**Work item**
All lines below containing the string "noteq" are to be copied.

**Record extracts**

lemma maximal_isotropic_exists:
  assumes "finite (carrier G)" and H: "isotropic_subgroup G q H"
  shows "\<exists>M. maximal_isotropic G q M \<and> H \<subseteq> M"
proof -
  let ?A = "{K. isotropic_subgroup G q K \<and> H \<subseteq> K}"
  have "?A \<subseteq> Pow (carrier G)"
    unfolding isotropic_subgroup_def using subgroup.subset by blast
  then have "finite ?A"
    using assms(1) finite_subset by blast
  then obtain M where "M \<in> ?A" "\<forall>K\<in>?A. M \<subseteq> K \<longrightarrow> M = K"
    using finite_has_maximal2[of ?A H] H by blast
  then show ?thesis
    unfolding maximal_isotropic_def by blast
qed

lemma maximal_isotropic_memI:
  assumes M: "maximal_isotropic G q M" and x: "x \<in> isotropics"
    and orthogonal: "\<forall>h\<in>M. bichar x h = 1"
  shows "x \<in> M"
proof -
  have M_isotropics: "M \<subseteq> isotropics"
    using maximal_isotropic_subset[OF M] .
  have M_orthogonal: "bichar s t = 1" if "s \<in> M" "t \<in> M" for s t
    using M that isotropic_subgroup_bichar unfolding maximal_isotropic_def by blast
  have "bichar s t = 1" if st: "s \<in> insert x M" "t \<in> insert x M" for s t
  proof -
    consider "s = x" "t = x" | "s = x" "t \<in> M" | "s \<in> M" "t = x" | "s \<in> M" "t \<in> M"
      using st by blast
    then show ?thesis
      using x orthogonal M_orthogonal bichar_self[of x] bichar_commute[of x s] M_isotropics
      by cases auto
  qed
  then have "isotropic_subgroup G q (generate G (insert x M))"
    using isotropic_subgroup_generate[of "insert x M"] M_isotropics x by blast
  moreover have "M \<subseteq> generate G (insert x M)"
    using generate.incl[of _ "insert x M" G] by blast
  ultimately have "generate G (insert x M) = M"
    using M unfolding maximal_isotropic_def by blast
  then show ?thesis
    using generate.incl[of x "insert x M" G] by blast
qed

definition isotropic_radical :: "'a set" where
  "isotropic_radical = {z \<in> isotropics. \<forall>y\<in>isotropics. bichar z y = 1}"

lemma one_in_isotropic_radical: "\<one> \<in> isotropic_radical"
  unfolding isotropic_radical_def by simp

lemma Inter_maximal_isotropic:
  assumes "finite (carrier G)"
  shows "\<Inter>{M. maximal_isotropic G q M} = isotropic_radical"
proof
  show "\<Inter>{M. maximal_isotropic G q M} \<subseteq> isotropic_radical"
  proof
    fix z assume z: "z \<in> \<Inter>{M. maximal_isotropic G q M}"
    have "isotropic_subgroup G q {\<one>}"
      unfolding isotropic_subgroup_def using triv_subgroup by simp
    then have "z \<in> isotropics"
      using maximal_isotropic_exists[OF assms] maximal_isotropic_subset z by blast
    moreover have "bichar z y = 1" if y: "y \<in> isotropics" for y
    proof -
      have "isotropic_subgroup G q (generate G {y})"
        using isotropic_subgroup_generate[of "{y}"] y bichar_self by simp
      then obtain M where "maximal_isotropic G q M" "y \<in> M"
        using maximal_isotropic_exists[OF assms] generate.incl[of y "{y}" G] by blast
      then show ?thesis
        using z isotropic_subgroup_bichar unfolding maximal_isotropic_def by blast
    qed
    ultimately show "z \<in> isotropic_radical"
      unfolding isotropic_radical_def by blast
  qed
next
  show "isotropic_radical \<subseteq> \<Inter>{M. maximal_isotropic G q M}"
    using maximal_isotropic_memI maximal_isotropic_subset unfolding isotropic_radical_def by blast
qed

lemma reductive_iff_isotropic_radical:
  "finite (carrier G) \<Longrightarrow> reductive G q \<longleftrightarrow> isotropic_radical = {\<one>}"
  unfolding reductive_def using Inter_maximal_isotropic by simp

lemma reductive_if_anisotropic:
  assumes "finite (carrier G)" "anisotropic G q"
  shows "reductive G q"
  using assms one_in_isotropic_radical
  unfolding reductive_iff_isotropic_radical[OF assms(1)] anisotropic_def isotropic_radical_def
  by blast

lemma reductive_if_isotropically_generated:
  assumes "finite (carrier G)" "nondegenerate G q" "isotropically_generated G q"
  shows "reductive G q"
proof -
  have "z = \<one>" if "z \<in> isotropic_radical" for z
    using that bichar_eq_1_on_generate[of isotropics z] assms(2,3)
    unfolding isotropic_radical_def isotropically_generated_def nondegenerate_def by auto
  then show ?thesis
    using one_in_isotropic_radical reductive_iff_isotropic_radical[OF assms(1)] by blast
qed

lemma q_mult_ne_1_outside_generate:
  assumes "x \<in> carrier G" "x \<notin> generate G isotropics" "w \<in> generate G isotropics"
  shows "q (x \<otimes> w) \<noteq> 1"
proof
  have w: "w \<in> carrier G"
    using assms(3) generate_incl[of isotropics] by blast
  assume "q (x \<otimes> w) = 1"
  then have "x \<otimes> w \<in> generate G isotropics"
    using assms(1) w by (blast intro: generate.incl)
  moreover have "subgroup (generate G isotropics) G"
    by (rule generate_is_subgroup) blast
  ultimately have "(x \<otimes> w) \<otimes> inv w \<in> generate G isotropics"
    using assms(3) by (metis subgroup.m_closed subgroup.m_inv_closed)
  then show False
    using assms(1,2) w by (simp add: m_assoc)
qed

end

locale quadratic_p_group = quadratic_group +
  fixes p n :: nat
  assumes prime: "Factorial_Ring.prime p" and odd: "odd p"
    and card_carrier: "card (carrier G) = p ^ n"
begin

lemma finite_carrier: "finite (carrier G)"
  using card_carrier prime_gt_0_nat[OF prime] card.infinite by fastforce

lemma pow_card_eq_1: "x \<in> carrier G \<Longrightarrow> x [^] (p ^ n) = \<one>"
  using pow_order_eq_1 card_carrier unfolding Coset.order_def by simp

lemma bichar_pow_card: "\<lbrakk>x \<in> carrier G; y \<in> carrier G\<rbrakk> \<Longrightarrow> bichar x y ^ (p ^ n) = 1"
  using bichar_pow_left[of x y "p ^ n"] pow_card_eq_1 by simp

lemma q_pow_card: "x \<in> carrier G \<Longrightarrow> q x ^ (p ^ n) = 1"
  using q_pow_eq_1_if_odd_order pow_card_eq_1 odd by simp

lemma bichar_pow_eq_1_outside_generate:
  assumes x: "x \<in> carrier G" "x \<notin> generate G isotropics"
    and "j \<ge> 1" "q x ^ (p ^ j) = 1" and y: "y \<in> isotropics"
  shows "bichar x y ^ (p ^ (j - 1)) = 1"
proof (rule ccontr)
  assume "bichar x y ^ (p ^ (j - 1)) \<noteq> 1"
  moreover have "inverse (q x) ^ (p ^ j) = 1"
    using \<open>q x ^ (p ^ j) = 1\<close> by (simp add: power_inverse)
  ultimately obtain c where c: "inverse (q x) = bichar x y ^ c"
    using prime_power_root_unity_in_powers[OF prime \<open>j \<ge> 1\<close> bichar_pow_card] x y by blast
  have "y [^] c \<in> isotropics"
    using y q_pow by simp
  moreover have "q (x \<otimes> y [^] c) = 1"
    using x y q_mult[of x "y [^] c"] q_pow bichar_pow_right c[symmetric] q_nonzero by simp
  ultimately show False
    using q_mult_ne_1_outside_generate x by (blast intro: generate.incl)
qed

lemma q_pow_prime_ne_1_outside_generate:
  assumes radical: "isotropic_radical = {\<one>}" and y0: "y0 \<in> isotropics" "y0 \<noteq> \<one>"
    and x: "x \<in> carrier G" "x \<notin> generate G isotropics"
  shows "q x ^ p \<noteq> 1"
proof
  assume "q x ^ p = 1"
  then have x_orthogonal: "bichar x y = 1" if "y \<in> isotropics" for y
    using bichar_pow_eq_1_outside_generate[OF x, of 1] that by simp
  obtain y where y: "y \<in> isotropics" "bichar y0 y \<noteq> 1"
    using radical y0 unfolding isotropic_radical_def by blast
  have "inverse (q x) ^ (p ^ 1) = 1"
    using \<open>q x ^ p = 1\<close> by (simp add: power_inverse)
  then obtain c where c: "inverse (q x) = bichar y0 y ^ c"
    using prime_power_root_unity_in_powers[OF prime _ bichar_pow_card, of 1 y0 y] y y0 by auto
  define w where "w = y0 [^] c \<otimes> y"
  have "y0 [^] c \<in> isotropics"
    using y0 q_pow by simp
  then have "w \<in> generate G isotropics"
    unfolding w_def using y by (blast intro: generate.incl generate.eng)
  moreover have "q w = inverse (q x)"
    unfolding w_def using y y0 q_mult[of "y0 [^] c" y] q_pow bichar_pow_left c by simp
  moreover have "bichar x w = 1"
    unfolding w_def using x y y0 bichar_mult_right bichar_pow_right x_orthogonal by simp
  ultimately show False
    using q_mult_ne_1_outside_generate[OF x] q_mult[of x w] q_nonzero x generate_incl[of isotropics]
    by auto
qed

**Reply to the exercise**
  shows "q (x \<otimes> w) \<noteq> 1"
  assume "bichar x y ^ (p ^ (j - 1)) \<noteq> 1"
  assumes radical: "isotropic_radical = {\<one>}" and y0: "y0 \<in> isotropics" "y0 \<noteq> \<one>"
  shows "q x ^ p \<noteq> 1"
  obtain y where y: "y \<in> isotropics" "bichar y0 y \<noteq> 1"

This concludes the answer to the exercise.